In general, coronary angiography with intracoronary injection of acetylcholine or ergonovine is used for identifying VSA. However, it is an invasive procedure which is expensive and requires hospitalisation. One study reported that the sensitivity of hyperventilation combined with cold-pressor stress ECG was 82% in VSA patients.1
Distante et al2
successfully detected coronary spasm using two-dimensional (2D) echocardiography before the onset of chest pain or ST segment elevation on ECG. Furthermore, Hirano et al3
reported that hyperventilation and cold-pressor stress echocardiography was useful for the diagnosis of VSA. However, the evaluation of left ventricular function abnormalities by qualitative estimation of wall thickening is somewhat subjective and requires considerable experience, as demonstrated by differences in sensitivity and specificity between novice and experienced operators. An acute reduction in regional myocardial blood flow causes local contractile dysfunction within a few seconds, which leads to regional deformation.4
Radial thickening and circumferential/longitudinal shortening of ischaemic segments decrease during systole. Segmental relaxation is also impaired during ischaemia; physiological early diastolic thinning and lengthening are replaced by ongoing postsystolic thickening and shortening.4
Changes in early diastolic deformation are proposed as an early marker for regional ischaemia.5
2D strain can evaluate longitudinal and circumferential abnormalities that precede a decrease in radial deformation in ischemia. Since subendocardial myocardial fibres are more susceptible to ischemia, longitudinal function might be altered earlier than radial function.6
This is why longitudinal strains are found to decrease in patients with mild coronary constriction and the administration of low-dose dobutamine.
AFI is a novel algorithm based on speckle-tracking imaging. Automated algorithm provides peak systolic longitudinal strain and postsystolic shortening for each left ventricular segment in a bull's eye plot. AFI provides the objective and accurate evaluation of ischemic wall motion abnormalities based on longitudinal strain. We thus chose AFI for the combination with hyperventilation and cold-pressor stress echocardiography.

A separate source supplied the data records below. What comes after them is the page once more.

(* Let $\mathbf{E}\subseteq\mathbf{A}$ be finite symmetric integral relation algebras such that $\mathbf{A}$ is a special extension of $\mathbf{E}$. For every $n\in\omega$, the set $$B_n=\{1'\}\cup\{x^{(i)}:x\text{ a diversity atom of }\mathbf{A},\ i<n\}\cup\{J(a,n):a\text{ a diversity atom of }\mathbf{E}\}$$ is the set of atoms of a subalgebra of $\mathbf{C}_{\mathbf{E}}(\mathbf{A})$.
   Context: Relation algebras are in the sense of Tarski; $1'$ identity, $0'$ its complement, $;$ relative product; integral: $1'$ is an atom; symmetric: $x^{\smile}=x$; a diversity atom is an atom below $0'$. Special extension: $\mathbf{A}$ is a special extension of $\mathbf{E}$ if for all diversity atoms $a,b,c$ of $\mathbf{E}$: (1) if not $a=b=c$ and $a;b\ge c$, then $x;y\ge c$ whenever $x,y$ are atoms of $\mathbf{A}$ with $x\le a$, $y\le b$; (2) if $a;a\ge a$ then $x;y\cdot a\ne0$ whenever $x,y$ are atoms of $\mathbf{A}$ below $a$. The algebra $\mathbf{C}_{\mathbf{E}}(\mathbf{A})$: for each atom $x$ of $\mathbf{A}$ let $c(x)$ be the atom of $\mathbf{E}$ with $x\le c(x)$; $T(i,j,k)$ iff $(i\le j=k)$ or $(j\le k=i)$ or $(k\le i=j)$. Atoms: $1'$ and $x^{(i)}$ for diversity atoms $x$ of $\mathbf{A}$ and $i\in\omega$. $C$ is the set of all permutations of $(1',1',1')$, $(1',x^{(i)},x^{(i)})$, and $(x^{(i)},y^{(j)},z^{(k)})$ with $x;y\ge z$ in $\mathbf{A}$ and ($c(x)=c(y)=c(z)\Rightarrow T(i,j,k)$). $\mathbf{C}_{\mathbf{E}}(\mathbf{A})$ is the algebra of all sets of atoms with set Boolean operations, identity $\{1'\}$, converse the identity map, and $X;Y=\{w:\exists u\in X,\exists v\in Y,(u,v,w)\in C\}$. For $a\in\mathbf{A}$ and $n\in\omega$, $J(a,n)$ is the join of all $x^{(i)}$ with $x$ a diversity atom of $\mathbf{A}$, $x\le a$, $n\le i$, together with $1'$ if $1'\le a$. *)

theory Defs
  imports Main
begin

record 'a ra =
  car :: "'a set"
  jn  :: "'a \<Rightarrow> 'a \<Rightarrow> 'a"   (* Boolean join + *)
  mt  :: "'a \<Rightarrow> 'a \<Rightarrow> 'a"   (* Boolean meet \<cdot> *)
  cm  :: "'a \<Rightarrow> 'a"          (* Boolean complement - *)
  zr  :: 'a
  un  :: 'a                   (* 1 *)
  idt :: 'a                   (* identity 1' *)
  cv  :: "'a \<Rightarrow> 'a"          (* converse *)
  cp  :: "'a \<Rightarrow> 'a \<Rightarrow> 'a"   (* relative product ; *)

definition closed_under :: "'a ra \<Rightarrow> 'a set \<Rightarrow> bool" where
  "closed_under R S \<longleftrightarrow>
     zr R \<in> S \<and> un R \<in> S \<and> idt R \<in> S \<and>
     (\<forall>x\<in>S. cm R x \<in> S \<and> cv R x \<in> S) \<and>
     (\<forall>x\<in>S. \<forall>y\<in>S. jn R x y \<in> S \<and> mt R x y \<in> S \<and> cp R x y \<in> S)"

definition boolean_algebra_on :: "'a ra \<Rightarrow> bool" where
  "boolean_algebra_on R \<longleftrightarrow>
     (\<forall>x\<in>car R. \<forall>y\<in>car R. jn R x y = jn R y x \<and> mt R x y = mt R y x) \<and>
     (\<forall>x\<in>car R. \<forall>y\<in>car R. \<forall>z\<in>car R.
        jn R (jn R x y) z = jn R x (jn R y z) \<and> mt R (mt R x y) z = mt R x (mt R y z) \<and>
        mt R x (jn R y z) = jn R (mt R x y) (mt R x z) \<and>
        jn R x (mt R y z) = mt R (jn R x y) (jn R x z)) \<and>
     (\<forall>x\<in>car R. \<forall>y\<in>car R. jn R x (mt R x y) = x \<and> mt R x (jn R x y) = x) \<and>
     (\<forall>x\<in>car R. jn R x (zr R) = x \<and> mt R x (un R) = x \<and>
                 jn R x (cm R x) = un R \<and> mt R x (cm R x) = zr R)"

definition relation_algebra :: "'a ra \<Rightarrow> bool" where
  "relation_algebra R \<longleftrightarrow> closed_under R (car R) \<and> boolean_algebra_on R \<and>
     (\<forall>x\<in>car R. \<forall>y\<in>car R. \<forall>z\<in>car R. cp R (cp R x y) z = cp R x (cp R y z) \<and>
        cp R (jn R x y) z = jn R (cp R x z) (cp R y z)) \<and>
     (\<forall>x\<in>car R. cp R x (idt R) = x \<and> cv R (cv R x) = x) \<and>
     (\<forall>x\<in>car R. \<forall>y\<in>car R. cv R (jn R x y) = jn R (cv R x) (cv R y) \<and>
        cv R (cp R x y) = cp R (cv R y) (cv R x) \<and>
        jn R (cp R (cv R x) (cm R (cp R x y))) (cm R y) = cm R y)"

definition le :: "'a ra \<Rightarrow> 'a \<Rightarrow> 'a \<Rightarrow> bool" where
  "le R x y \<longleftrightarrow> jn R x y = y"

text \<open>Atoms of the subalgebra with universe S (for S = car R: atoms of R).\<close>
definition atom_in :: "'a ra \<Rightarrow> 'a set \<Rightarrow> 'a \<Rightarrow> bool" where
  "atom_in R S x \<longleftrightarrow> x \<in> S \<and> x \<noteq> zr R \<and> (\<forall>y\<in>S. le R y x \<longrightarrow> y = zr R \<or> y = x)"

definition div_atom_in :: "'a ra \<Rightarrow> 'a set \<Rightarrow> 'a \<Rightarrow> bool" where
  "div_atom_in R S x \<longleftrightarrow> atom_in R S x \<and> le R x (cm R (idt R))"

definition subalgebra :: "'a ra \<Rightarrow> 'a set \<Rightarrow> bool" where
  "subalgebra R S \<longleftrightarrow> S \<subseteq> car R \<and> closed_under R S"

In the present case, hyperventilation and cold-pressor stress echocardiography revealed the decreased longitudinal strain which appeared earlier than ECG changes, symptom and wall motion abnormalities, and AFI successfully detected VSA. Further data on the accuracy and usefulness of these non-invasive procedures will establish a new diagnostic method for identifying VSA at outpatient facilities.
- Longitudinal abnormalities precede a decrease in radial deformation in ischemia.
- AFI provides the objective and accurate evaluation of early ischemic wall motion abnormalities based on longitudinal strain.
- The combination of hyperventilation and cold-pressor stress echocardiography and AFI is useful for screening examination for VSA.